lemma image_Inter_closures_z_filter:
  assumes "compact_space B" "e \<in> topspace \<Omega> \<rightarrow> topspace B" "z_filter \<Omega> \<F>"
    and "kc_space Y" "continuous_map B Y g" "\<forall>x\<in>topspace \<Omega>. g (e x) = \<phi> x"
  shows "g ` (\<Inter>F\<in>\<F>. B closure_of (e ` F)) = (\<Inter>F\<in>\<F>. g ` (B closure_of (e ` F)))"
    and "(\<Inter>F\<in>\<F>. g ` (B closure_of (e ` F))) = (\<Inter>F\<in>\<F>. Y closure_of (\<phi> ` F))"
proof -
  have "\<F> \<noteq> {}" using assms(3) by (simp add: z_filter_def)
  then show "g ` (\<Inter>F\<in>\<F>. B closure_of (e ` F)) = (\<Inter>F\<in>\<F>. g ` (B closure_of (e ` F)))"
    by (rule image_Inter_down_directed_closedin[OF assms(1) kc_imp_t1_space[OF assms(4)] assms(5)
        _ z_filter_down_directed_closures[OF assms(3)] closedin_closure_of])
  have "g ` (B closure_of (e ` F)) = Y closure_of (\<phi> ` F)" if "F \<in> \<F>" for F
  proof -
    have "F \<subseteq> topspace \<Omega>" using z_filter_subset_topspace assms(3) that .
    then have "g ` e ` F = \<phi> ` F" using assms(6) by (force simp: image_image)
    moreover have "e ` F \<subseteq> topspace B" using \<open>F \<subseteq> topspace \<Omega>\<close> assms(2) by blast
    ultimately show ?thesis
      using image_closure_of_compact_space[OF assms(1,4,5)] by simp
  qed
  then show "(\<Inter>F\<in>\<F>. g ` (B closure_of (e ` F))) = (\<Inter>F\<in>\<F>. Y closure_of (\<phi> ` F))"
    by simp
qed

lemma openin_riemann_sphere: "openin riemann_sphere U \<longleftrightarrow> riemann_open U"
  by (simp add: riemann_sphere_def istopology_riemann_open)

lemma riemann_open_image_Some: "open U \<Longrightarrow> riemann_open (Some ` U)"
  by (simp add: riemann_open_def inj_vimage_image_eq)

lemma riemann_sphere_separate_infinity:
  "\<exists>U V. riemann_open U \<and> riemann_open V \<and> Some a \<in> U \<and> None \<in> V \<and> disjnt U V"
proof (intro exI conjI)
  show "riemann_open (Some ` ball a 1)" by (simp add: riemann_open_image_Some)
  have "Some -` (- Some ` cball a 1) = - cball a 1" by auto
  then show "riemann_open (- Some ` cball a 1)"
    by (simp add: riemann_open_def open_Compl)
qed (auto simp: disjnt_def)

lemma Hausdorff_space_riemann_sphere: "Hausdorff_space riemann_sphere"
  unfolding Hausdorff_space_def openin_riemann_sphere
proof (intro allI impI)
  fix x y :: "complex option"
  assume "x \<in> topspace riemann_sphere \<and> y \<in> topspace riemann_sphere \<and> x \<noteq> y"
  then have "x \<noteq> y" by blast
  then consider a where "x = Some a" "y = None" | b where "x = None" "y = Some b"
    | a b where "x = Some a" "y = Some b" "a \<noteq> b"
    by (cases x; cases y) auto
  then show "\<exists>U V. riemann_open U \<and> riemann_open V \<and> x \<in> U \<and> y \<in> V \<and> disjnt U V"
  proof cases
    case 1
    then show ?thesis using riemann_sphere_separate_infinity by blast
  next
    case 2
    then show ?thesis using riemann_sphere_separate_infinity disjnt_sym by metis
  next
    case 3
    then obtain U V where "open U" "open V" "a \<in> U" "b \<in> V" "U \<inter> V = {}"
      using hausdorff by metis
    then show ?thesis
      using 3 by (intro exI[of _ "Some ` U"] exI[of _ "Some ` V"])
        (auto simp: riemann_open_image_Some disjnt_def)
  qed
qed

**Work to complete:** Check each line of the listing above. Copy it if it holds the string "blast".

**Completed task:**
    moreover have "e ` F \<subseteq> topspace B" using \<open>F \<subseteq> topspace \<Omega>\<close> assms(2) by blast
  then have "x \<noteq> y" by blast
    then show ?thesis using riemann_sphere_separate_infinity by blast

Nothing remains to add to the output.